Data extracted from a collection
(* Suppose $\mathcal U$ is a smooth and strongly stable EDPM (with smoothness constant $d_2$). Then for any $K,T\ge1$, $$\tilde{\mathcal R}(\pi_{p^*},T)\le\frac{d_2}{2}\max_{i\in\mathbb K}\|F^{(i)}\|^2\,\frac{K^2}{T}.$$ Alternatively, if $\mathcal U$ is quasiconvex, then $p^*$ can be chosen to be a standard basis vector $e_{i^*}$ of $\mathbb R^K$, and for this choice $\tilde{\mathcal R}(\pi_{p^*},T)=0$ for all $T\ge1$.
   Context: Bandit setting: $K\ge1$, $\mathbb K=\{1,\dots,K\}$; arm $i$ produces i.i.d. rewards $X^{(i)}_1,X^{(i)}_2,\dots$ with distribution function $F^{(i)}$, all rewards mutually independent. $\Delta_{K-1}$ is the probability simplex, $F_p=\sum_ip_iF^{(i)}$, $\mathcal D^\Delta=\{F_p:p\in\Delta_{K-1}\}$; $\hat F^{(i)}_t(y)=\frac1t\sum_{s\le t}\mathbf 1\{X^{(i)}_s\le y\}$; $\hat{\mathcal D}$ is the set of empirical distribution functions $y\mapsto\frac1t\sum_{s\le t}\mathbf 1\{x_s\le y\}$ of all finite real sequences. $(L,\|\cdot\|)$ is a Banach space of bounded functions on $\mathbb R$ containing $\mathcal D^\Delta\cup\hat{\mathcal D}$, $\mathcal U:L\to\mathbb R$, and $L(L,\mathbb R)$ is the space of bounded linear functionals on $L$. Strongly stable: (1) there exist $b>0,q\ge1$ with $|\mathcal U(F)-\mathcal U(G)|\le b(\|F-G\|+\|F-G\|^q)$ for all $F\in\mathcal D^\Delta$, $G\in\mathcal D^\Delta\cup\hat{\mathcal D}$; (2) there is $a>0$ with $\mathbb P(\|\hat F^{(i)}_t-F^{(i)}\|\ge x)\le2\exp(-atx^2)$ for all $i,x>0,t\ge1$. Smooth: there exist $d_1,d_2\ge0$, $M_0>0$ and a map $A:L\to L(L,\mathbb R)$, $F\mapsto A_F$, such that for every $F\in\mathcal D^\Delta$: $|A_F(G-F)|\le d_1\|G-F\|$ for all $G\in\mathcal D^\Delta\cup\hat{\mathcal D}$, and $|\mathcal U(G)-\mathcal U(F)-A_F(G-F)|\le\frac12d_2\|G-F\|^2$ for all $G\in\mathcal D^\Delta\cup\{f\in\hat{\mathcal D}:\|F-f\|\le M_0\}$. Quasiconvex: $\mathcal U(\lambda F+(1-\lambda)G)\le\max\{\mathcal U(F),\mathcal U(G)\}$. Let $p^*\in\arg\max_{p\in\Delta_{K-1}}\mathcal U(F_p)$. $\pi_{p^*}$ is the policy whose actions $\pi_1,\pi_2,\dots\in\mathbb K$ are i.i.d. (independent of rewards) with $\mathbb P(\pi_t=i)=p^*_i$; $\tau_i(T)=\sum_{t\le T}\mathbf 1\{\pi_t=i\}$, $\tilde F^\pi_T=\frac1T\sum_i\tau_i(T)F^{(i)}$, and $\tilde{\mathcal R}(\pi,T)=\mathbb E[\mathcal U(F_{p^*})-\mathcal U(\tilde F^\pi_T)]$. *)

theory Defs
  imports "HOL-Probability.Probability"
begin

==

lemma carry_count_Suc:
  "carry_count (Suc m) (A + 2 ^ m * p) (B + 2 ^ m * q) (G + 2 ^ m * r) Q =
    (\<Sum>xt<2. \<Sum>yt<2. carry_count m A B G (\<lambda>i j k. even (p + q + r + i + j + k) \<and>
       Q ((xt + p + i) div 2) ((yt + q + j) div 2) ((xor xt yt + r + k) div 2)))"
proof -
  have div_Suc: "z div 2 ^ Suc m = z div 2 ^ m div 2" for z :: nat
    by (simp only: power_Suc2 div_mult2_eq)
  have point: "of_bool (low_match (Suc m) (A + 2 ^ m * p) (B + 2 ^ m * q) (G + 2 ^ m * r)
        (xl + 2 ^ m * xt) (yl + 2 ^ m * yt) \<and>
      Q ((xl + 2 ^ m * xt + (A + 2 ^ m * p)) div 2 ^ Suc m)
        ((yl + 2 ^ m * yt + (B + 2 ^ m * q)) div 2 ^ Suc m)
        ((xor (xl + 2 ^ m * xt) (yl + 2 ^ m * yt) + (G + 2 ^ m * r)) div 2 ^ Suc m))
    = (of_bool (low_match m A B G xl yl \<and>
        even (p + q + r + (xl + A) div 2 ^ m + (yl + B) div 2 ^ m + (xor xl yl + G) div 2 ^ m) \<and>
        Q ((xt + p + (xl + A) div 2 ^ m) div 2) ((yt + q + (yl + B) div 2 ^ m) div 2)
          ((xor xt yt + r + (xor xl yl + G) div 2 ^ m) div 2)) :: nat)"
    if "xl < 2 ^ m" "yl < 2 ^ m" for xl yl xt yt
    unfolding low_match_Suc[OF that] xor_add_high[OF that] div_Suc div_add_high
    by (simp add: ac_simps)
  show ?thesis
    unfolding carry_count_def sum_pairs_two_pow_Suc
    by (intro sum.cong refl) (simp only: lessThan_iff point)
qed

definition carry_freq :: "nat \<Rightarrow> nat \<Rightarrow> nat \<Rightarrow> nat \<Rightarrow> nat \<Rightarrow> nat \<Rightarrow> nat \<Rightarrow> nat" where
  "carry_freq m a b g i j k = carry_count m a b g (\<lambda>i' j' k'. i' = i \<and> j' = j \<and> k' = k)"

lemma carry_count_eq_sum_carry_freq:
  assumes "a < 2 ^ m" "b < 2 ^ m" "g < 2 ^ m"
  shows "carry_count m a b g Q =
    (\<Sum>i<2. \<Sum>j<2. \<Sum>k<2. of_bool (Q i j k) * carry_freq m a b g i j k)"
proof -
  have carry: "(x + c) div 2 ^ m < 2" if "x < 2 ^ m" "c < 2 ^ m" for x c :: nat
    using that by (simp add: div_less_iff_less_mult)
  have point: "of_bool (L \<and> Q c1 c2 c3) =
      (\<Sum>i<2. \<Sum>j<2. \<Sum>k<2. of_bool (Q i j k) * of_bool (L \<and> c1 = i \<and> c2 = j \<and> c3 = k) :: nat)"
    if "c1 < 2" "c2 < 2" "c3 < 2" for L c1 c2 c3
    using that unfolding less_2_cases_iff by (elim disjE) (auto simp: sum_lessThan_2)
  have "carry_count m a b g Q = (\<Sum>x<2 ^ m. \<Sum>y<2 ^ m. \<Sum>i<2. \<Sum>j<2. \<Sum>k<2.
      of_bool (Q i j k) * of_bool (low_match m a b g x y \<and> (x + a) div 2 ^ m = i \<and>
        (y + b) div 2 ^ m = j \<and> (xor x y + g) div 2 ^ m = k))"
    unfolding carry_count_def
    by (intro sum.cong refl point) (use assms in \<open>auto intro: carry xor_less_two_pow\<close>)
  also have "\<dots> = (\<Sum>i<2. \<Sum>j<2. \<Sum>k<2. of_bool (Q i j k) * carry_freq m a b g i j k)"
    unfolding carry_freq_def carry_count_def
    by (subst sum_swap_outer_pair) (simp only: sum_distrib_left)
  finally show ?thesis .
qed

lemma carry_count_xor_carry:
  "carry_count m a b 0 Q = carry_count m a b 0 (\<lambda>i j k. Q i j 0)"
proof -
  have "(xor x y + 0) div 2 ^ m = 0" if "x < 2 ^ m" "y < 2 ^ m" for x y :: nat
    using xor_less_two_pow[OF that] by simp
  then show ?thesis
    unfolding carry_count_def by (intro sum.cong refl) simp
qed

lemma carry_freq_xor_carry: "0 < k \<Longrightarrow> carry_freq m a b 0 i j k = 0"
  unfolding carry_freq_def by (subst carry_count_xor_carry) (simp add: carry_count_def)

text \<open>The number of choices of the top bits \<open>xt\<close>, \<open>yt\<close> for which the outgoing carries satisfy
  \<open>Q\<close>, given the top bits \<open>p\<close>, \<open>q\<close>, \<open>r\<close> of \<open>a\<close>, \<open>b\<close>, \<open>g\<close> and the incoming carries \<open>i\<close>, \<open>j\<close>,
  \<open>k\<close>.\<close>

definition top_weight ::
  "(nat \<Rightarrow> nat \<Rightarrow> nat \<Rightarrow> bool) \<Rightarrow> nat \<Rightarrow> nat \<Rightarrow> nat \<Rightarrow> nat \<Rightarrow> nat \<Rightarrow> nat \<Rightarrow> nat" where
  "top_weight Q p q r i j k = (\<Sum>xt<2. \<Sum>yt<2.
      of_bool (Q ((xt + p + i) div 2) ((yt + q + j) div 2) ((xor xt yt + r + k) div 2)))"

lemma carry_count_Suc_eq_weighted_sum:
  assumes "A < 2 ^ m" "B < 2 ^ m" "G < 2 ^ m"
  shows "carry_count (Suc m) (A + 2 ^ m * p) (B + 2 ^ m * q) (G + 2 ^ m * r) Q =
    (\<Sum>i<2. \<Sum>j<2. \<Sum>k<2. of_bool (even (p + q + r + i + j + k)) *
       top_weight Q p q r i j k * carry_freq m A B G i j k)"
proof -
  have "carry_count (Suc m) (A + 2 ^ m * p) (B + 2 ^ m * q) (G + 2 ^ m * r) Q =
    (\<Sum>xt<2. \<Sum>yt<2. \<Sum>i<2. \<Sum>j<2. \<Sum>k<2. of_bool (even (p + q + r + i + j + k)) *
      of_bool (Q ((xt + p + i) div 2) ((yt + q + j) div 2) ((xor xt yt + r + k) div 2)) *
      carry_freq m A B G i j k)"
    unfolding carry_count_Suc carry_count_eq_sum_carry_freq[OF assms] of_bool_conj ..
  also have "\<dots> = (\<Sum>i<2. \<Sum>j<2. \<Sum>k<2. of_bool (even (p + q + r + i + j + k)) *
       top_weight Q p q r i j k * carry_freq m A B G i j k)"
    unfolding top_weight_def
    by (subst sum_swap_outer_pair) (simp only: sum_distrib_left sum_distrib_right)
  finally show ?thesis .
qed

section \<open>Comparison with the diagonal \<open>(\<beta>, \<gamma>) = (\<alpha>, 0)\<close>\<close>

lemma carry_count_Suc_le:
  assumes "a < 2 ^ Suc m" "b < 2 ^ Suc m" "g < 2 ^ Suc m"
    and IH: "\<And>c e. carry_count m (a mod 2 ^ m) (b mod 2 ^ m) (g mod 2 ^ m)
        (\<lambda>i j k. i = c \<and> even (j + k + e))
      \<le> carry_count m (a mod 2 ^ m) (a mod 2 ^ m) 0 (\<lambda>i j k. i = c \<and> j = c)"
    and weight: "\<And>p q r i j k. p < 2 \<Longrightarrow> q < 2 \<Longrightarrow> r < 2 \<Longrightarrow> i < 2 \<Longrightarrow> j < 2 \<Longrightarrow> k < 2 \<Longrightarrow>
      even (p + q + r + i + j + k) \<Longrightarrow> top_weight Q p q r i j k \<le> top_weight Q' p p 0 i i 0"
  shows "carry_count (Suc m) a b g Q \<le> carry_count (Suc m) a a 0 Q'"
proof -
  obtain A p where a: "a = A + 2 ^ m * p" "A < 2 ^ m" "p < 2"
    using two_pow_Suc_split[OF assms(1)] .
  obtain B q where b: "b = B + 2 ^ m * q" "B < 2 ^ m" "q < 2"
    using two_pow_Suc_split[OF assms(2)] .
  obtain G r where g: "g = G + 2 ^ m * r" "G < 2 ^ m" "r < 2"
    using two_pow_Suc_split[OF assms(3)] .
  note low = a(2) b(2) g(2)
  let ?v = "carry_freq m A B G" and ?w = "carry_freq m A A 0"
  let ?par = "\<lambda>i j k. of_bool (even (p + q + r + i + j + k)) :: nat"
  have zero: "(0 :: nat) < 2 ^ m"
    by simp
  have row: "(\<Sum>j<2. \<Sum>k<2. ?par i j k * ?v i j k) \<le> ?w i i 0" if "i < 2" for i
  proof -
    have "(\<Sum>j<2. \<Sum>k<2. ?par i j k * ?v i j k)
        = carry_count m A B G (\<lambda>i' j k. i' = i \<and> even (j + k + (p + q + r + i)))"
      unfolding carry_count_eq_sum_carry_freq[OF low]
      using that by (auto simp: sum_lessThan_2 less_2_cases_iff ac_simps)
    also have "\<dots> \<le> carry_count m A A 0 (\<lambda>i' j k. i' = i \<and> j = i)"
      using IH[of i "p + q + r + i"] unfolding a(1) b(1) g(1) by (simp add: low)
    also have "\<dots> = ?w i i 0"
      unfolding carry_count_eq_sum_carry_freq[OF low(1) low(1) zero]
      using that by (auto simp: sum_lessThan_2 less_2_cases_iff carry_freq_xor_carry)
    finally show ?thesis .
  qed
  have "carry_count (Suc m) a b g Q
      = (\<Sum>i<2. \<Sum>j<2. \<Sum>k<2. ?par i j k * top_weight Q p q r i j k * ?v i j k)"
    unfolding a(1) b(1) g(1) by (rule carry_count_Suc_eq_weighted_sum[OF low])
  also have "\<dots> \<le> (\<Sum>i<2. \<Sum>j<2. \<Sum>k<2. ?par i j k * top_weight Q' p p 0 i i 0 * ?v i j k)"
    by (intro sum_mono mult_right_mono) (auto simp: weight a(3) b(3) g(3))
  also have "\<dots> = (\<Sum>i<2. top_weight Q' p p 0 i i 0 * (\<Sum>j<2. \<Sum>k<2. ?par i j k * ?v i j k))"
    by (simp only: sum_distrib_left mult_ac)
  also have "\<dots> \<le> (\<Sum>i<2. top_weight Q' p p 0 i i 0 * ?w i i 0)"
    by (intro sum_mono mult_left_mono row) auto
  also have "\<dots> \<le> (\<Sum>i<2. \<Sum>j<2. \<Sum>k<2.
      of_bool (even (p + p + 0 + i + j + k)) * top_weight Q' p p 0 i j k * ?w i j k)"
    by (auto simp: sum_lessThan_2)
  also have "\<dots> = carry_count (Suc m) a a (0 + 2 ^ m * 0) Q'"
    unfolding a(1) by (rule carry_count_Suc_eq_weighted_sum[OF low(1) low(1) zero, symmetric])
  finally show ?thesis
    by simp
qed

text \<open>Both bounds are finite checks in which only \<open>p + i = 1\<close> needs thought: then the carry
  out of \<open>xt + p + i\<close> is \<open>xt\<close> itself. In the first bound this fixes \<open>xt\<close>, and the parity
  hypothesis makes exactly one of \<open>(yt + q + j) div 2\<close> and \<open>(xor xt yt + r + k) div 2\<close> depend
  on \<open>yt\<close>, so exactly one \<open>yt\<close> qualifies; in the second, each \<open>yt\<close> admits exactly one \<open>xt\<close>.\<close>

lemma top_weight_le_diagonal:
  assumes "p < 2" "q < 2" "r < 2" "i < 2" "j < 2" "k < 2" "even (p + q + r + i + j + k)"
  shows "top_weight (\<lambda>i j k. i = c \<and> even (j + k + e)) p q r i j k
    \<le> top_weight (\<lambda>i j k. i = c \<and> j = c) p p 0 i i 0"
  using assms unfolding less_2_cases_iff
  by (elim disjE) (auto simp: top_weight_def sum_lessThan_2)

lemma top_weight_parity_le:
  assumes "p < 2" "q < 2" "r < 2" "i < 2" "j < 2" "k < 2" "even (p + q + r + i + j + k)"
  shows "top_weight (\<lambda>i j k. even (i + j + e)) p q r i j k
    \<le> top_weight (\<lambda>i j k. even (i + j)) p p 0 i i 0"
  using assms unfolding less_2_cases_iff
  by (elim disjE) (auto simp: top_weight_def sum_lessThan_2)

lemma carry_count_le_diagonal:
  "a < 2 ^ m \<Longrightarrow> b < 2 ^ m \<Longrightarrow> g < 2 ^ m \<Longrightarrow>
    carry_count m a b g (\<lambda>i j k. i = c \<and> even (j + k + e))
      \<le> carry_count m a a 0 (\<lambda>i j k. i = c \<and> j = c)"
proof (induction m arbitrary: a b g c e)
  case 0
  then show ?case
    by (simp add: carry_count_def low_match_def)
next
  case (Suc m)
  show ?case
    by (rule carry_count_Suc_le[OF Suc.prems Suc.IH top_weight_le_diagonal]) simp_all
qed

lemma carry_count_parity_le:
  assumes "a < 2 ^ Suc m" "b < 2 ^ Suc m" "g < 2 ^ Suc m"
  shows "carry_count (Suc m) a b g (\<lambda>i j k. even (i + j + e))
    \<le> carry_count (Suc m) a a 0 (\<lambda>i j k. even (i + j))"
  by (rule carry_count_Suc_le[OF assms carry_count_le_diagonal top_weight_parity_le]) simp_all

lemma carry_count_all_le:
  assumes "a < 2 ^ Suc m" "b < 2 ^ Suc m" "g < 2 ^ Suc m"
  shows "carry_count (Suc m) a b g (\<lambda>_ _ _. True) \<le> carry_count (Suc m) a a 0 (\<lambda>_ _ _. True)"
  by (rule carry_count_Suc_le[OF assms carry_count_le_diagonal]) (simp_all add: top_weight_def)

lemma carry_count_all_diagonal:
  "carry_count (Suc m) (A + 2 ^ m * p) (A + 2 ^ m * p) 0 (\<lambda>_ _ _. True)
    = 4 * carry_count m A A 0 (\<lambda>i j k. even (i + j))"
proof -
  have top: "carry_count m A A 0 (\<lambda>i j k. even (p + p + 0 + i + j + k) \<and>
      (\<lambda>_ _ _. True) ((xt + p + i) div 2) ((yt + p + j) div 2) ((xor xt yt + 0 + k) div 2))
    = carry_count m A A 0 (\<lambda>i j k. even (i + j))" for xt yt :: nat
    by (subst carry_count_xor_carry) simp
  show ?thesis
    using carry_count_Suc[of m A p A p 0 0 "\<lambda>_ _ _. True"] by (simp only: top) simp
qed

EXERCISE AIM: Reproduce the entries above exactly, but only the lines between the line holding "unfolding a(1) b(1) g(1) by (rule" and the line holding "hypothesis makes exactly", inclusive.

EXERCISE OUTPUT:
    unfolding a(1) b(1) g(1) by (rule carry_count_Suc_eq_weighted_sum[OF low])
  also have "\<dots> \<le> (\<Sum>i<2. \<Sum>j<2. \<Sum>k<2. ?par i j k * top_weight Q' p p 0 i i 0 * ?v i j k)"
    by (intro sum_mono mult_right_mono) (auto simp: weight a(3) b(3) g(3))
  also have "\<dots> = (\<Sum>i<2. top_weight Q' p p 0 i i 0 * (\<Sum>j<2. \<Sum>k<2. ?par i j k * ?v i j k))"
    by (simp only: sum_distrib_left mult_ac)
  also have "\<dots> \<le> (\<Sum>i<2. top_weight Q' p p 0 i i 0 * ?w i i 0)"
    by (intro sum_mono mult_left_mono row) auto
  also have "\<dots> \<le> (\<Sum>i<2. \<Sum>j<2. \<Sum>k<2.
      of_bool (even (p + p + 0 + i + j + k)) * top_weight Q' p p 0 i j k * ?w i j k)"
    by (auto simp: sum_lessThan_2)
  also have "\<dots> = carry_count (Suc m) a a (0 + 2 ^ m * 0) Q'"
    unfolding a(1) by (rule carry_count_Suc_eq_weighted_sum[OF low(1) low(1) zero, symmetric])
  finally show ?thesis
    by simp
qed

text \<open>Both bounds are finite checks in which only \<open>p + i = 1\<close> needs thought: then the carry
  out of \<open>xt + p + i\<close> is \<open>xt\<close> itself. In the first bound this fixes \<open>xt\<close>, and the parity
  hypothesis makes exactly one of \<open>(yt + q + j) div 2\<close> and \<open>(xor xt yt + r + k) div 2\<close> depend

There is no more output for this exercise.